### WHAT YOU NEED TO DO
What you return must be the lines of the data that hold the word "fixes".

(Stored data)
※ ※ ※
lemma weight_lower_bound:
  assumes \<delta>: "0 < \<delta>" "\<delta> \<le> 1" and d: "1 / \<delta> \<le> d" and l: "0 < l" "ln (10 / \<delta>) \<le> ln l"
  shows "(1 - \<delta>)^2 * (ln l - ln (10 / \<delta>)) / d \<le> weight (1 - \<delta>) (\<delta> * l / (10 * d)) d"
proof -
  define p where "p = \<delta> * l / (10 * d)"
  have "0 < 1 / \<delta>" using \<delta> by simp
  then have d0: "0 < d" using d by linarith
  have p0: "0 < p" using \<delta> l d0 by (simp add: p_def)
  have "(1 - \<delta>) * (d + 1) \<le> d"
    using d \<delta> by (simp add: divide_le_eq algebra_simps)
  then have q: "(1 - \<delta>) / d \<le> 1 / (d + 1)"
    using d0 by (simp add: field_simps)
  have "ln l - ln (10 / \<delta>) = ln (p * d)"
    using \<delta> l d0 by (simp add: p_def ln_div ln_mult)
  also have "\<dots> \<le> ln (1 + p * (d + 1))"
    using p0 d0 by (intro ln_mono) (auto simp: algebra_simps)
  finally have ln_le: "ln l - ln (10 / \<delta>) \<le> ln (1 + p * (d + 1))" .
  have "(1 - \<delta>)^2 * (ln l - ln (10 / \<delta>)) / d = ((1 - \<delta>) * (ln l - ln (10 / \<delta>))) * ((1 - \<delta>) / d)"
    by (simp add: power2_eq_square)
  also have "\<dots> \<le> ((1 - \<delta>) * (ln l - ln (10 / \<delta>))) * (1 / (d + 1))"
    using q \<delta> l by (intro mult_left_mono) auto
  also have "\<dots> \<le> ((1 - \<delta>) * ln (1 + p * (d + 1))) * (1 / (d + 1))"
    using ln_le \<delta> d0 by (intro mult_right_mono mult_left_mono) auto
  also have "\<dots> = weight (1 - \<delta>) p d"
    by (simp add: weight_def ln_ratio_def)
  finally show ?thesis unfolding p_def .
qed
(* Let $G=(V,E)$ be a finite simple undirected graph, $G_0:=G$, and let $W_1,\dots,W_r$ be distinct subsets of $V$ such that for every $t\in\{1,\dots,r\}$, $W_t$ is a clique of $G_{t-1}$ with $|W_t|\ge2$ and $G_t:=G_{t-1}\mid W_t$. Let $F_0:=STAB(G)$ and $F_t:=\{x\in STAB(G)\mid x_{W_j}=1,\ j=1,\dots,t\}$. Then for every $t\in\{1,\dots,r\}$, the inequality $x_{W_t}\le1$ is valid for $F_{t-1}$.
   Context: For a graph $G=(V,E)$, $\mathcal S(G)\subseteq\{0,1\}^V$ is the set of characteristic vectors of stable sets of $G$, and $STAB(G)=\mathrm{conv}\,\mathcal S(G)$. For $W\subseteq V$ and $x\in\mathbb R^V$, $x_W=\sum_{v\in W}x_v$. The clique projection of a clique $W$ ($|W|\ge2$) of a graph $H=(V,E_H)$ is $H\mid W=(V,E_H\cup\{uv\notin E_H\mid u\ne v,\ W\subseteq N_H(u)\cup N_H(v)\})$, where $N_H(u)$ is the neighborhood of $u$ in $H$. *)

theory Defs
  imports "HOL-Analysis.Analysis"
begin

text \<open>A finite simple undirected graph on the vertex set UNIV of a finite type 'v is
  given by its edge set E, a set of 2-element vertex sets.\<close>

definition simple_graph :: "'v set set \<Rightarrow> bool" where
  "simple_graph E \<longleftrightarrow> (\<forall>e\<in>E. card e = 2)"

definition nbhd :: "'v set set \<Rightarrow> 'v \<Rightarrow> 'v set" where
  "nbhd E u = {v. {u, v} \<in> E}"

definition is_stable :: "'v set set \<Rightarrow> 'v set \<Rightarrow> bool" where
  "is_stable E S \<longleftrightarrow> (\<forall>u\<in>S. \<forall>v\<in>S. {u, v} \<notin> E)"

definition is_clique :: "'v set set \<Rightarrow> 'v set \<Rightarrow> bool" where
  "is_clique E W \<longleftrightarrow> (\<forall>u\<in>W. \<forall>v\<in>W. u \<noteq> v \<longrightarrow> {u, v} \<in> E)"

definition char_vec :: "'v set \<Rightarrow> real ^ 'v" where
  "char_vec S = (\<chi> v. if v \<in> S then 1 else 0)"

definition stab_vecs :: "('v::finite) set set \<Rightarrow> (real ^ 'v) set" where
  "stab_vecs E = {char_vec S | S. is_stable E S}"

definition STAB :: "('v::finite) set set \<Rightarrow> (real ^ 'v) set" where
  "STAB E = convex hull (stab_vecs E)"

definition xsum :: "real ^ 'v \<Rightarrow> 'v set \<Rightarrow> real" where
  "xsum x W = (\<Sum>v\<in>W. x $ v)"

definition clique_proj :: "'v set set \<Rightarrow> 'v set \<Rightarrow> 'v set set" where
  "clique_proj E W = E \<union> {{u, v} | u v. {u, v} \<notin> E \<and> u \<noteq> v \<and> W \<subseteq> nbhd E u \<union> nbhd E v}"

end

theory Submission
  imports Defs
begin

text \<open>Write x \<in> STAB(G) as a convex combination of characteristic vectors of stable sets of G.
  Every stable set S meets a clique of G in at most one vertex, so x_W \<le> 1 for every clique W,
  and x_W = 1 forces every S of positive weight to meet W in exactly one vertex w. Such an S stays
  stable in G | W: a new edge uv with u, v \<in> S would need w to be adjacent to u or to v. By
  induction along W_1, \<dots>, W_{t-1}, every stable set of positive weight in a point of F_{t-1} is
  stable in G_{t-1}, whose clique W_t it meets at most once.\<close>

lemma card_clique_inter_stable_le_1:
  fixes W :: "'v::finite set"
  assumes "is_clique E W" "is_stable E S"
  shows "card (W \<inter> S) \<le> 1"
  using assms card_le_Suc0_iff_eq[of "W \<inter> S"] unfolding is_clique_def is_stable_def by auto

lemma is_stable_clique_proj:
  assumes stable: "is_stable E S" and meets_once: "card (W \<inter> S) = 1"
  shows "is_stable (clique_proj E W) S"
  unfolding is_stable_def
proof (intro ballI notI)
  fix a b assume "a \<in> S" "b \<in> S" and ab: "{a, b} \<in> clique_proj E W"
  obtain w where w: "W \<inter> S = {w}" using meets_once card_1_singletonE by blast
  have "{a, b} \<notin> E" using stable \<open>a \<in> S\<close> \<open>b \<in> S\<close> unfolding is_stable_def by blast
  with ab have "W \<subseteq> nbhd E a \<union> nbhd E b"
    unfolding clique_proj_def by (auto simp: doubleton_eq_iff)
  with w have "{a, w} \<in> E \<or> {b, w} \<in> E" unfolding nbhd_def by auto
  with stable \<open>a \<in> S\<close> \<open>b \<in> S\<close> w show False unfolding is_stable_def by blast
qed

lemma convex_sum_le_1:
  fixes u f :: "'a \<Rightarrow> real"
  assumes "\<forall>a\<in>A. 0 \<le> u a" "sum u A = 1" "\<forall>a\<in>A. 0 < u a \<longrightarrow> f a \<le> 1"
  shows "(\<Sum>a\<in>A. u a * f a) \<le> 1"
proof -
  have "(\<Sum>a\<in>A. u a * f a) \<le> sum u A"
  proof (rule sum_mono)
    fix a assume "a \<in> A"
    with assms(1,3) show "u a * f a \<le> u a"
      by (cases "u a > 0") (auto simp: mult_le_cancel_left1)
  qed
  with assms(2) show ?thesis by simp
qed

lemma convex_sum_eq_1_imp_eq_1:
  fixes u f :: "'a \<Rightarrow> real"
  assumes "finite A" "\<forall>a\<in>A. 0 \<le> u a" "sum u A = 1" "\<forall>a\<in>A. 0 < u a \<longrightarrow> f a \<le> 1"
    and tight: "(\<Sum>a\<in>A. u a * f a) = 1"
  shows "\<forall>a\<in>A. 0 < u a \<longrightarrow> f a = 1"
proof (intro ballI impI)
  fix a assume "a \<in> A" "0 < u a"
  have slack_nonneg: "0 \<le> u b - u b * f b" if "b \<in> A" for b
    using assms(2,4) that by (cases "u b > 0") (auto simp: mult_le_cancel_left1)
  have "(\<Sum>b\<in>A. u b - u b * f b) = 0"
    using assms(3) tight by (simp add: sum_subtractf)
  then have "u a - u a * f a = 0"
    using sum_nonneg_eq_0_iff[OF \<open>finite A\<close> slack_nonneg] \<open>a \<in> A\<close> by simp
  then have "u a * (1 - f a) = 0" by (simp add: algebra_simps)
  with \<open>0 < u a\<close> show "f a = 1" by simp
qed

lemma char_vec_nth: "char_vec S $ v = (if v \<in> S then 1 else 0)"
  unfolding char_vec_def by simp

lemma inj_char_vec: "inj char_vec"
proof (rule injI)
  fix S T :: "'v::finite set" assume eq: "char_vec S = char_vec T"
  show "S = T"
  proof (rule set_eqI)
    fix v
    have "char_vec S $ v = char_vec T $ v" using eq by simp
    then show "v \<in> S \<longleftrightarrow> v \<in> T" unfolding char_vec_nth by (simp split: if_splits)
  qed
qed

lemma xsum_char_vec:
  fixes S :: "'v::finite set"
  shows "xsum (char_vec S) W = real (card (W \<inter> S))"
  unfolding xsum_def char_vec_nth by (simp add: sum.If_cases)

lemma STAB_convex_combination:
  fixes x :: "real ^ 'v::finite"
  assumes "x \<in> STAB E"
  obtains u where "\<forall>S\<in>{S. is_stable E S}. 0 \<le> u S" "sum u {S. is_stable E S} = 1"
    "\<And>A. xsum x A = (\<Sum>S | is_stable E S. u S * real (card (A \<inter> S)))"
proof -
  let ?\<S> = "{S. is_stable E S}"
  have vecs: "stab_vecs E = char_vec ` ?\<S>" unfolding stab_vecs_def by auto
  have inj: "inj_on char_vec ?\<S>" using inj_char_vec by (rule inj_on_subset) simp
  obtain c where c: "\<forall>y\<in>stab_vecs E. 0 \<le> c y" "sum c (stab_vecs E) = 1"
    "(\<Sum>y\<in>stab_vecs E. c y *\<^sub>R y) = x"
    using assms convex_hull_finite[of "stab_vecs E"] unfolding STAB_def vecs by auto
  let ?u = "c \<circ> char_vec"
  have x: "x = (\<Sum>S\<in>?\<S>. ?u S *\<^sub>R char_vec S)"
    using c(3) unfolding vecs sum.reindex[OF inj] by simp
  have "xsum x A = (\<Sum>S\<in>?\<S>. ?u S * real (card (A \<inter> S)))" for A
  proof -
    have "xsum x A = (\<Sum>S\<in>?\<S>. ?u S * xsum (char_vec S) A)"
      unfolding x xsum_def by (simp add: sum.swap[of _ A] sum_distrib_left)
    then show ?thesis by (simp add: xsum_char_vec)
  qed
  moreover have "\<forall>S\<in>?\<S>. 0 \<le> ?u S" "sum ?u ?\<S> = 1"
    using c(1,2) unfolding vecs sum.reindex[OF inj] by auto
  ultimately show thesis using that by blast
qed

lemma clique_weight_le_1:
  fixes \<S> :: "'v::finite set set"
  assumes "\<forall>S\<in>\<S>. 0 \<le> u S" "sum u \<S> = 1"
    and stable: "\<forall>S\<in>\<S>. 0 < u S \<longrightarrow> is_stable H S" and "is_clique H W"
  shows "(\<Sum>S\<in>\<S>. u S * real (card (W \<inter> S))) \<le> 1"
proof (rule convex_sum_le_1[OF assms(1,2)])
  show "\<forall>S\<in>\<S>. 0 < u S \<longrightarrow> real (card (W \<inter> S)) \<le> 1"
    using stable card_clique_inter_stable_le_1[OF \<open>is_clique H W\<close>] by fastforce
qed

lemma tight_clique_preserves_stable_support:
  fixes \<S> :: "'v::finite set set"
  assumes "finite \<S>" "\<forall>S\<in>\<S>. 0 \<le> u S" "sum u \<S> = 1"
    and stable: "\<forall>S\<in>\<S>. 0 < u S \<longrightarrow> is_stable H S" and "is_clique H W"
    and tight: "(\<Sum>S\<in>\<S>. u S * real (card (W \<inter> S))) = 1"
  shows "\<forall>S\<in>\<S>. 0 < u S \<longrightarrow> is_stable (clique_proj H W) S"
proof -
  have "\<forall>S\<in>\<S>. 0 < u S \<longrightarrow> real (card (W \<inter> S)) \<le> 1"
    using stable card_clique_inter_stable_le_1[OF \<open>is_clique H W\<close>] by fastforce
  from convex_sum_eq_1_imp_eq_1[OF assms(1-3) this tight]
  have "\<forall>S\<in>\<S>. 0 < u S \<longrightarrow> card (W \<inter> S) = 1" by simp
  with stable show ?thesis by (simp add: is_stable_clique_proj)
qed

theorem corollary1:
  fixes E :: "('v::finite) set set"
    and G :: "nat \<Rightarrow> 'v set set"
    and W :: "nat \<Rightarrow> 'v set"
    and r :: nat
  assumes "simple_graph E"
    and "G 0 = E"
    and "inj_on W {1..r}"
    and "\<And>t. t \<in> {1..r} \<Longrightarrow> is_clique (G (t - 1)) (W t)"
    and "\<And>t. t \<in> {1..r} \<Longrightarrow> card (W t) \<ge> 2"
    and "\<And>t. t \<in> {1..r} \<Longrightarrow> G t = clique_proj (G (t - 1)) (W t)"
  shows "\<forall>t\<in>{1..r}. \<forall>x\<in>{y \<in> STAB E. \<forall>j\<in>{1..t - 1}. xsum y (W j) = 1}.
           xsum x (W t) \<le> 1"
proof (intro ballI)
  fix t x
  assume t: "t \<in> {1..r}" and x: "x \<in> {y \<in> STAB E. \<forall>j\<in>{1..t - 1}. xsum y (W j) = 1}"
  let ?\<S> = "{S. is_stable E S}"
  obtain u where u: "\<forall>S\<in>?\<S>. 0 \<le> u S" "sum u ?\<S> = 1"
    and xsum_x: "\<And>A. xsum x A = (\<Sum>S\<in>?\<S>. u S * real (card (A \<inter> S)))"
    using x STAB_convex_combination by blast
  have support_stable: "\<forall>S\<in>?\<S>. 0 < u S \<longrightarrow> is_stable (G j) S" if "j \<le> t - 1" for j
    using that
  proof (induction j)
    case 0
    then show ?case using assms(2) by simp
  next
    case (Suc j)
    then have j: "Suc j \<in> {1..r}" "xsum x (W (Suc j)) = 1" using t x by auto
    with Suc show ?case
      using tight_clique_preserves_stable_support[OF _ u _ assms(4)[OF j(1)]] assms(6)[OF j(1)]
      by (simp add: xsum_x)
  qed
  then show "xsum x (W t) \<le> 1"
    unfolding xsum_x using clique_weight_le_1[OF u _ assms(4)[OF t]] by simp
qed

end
※ ※ ※
### FINISHED EXERCISE
  fixes W :: "'v::finite set"
  fixes u f :: "'a \<Rightarrow> real"
  fixes u f :: "'a \<Rightarrow> real"
  fixes S :: "'v::finite set"
  fixes x :: "real ^ 'v::finite"
  fixes \<S> :: "'v::finite set set"
  fixes \<S> :: "'v::finite set set"
  fixes E :: "('v::finite) set set"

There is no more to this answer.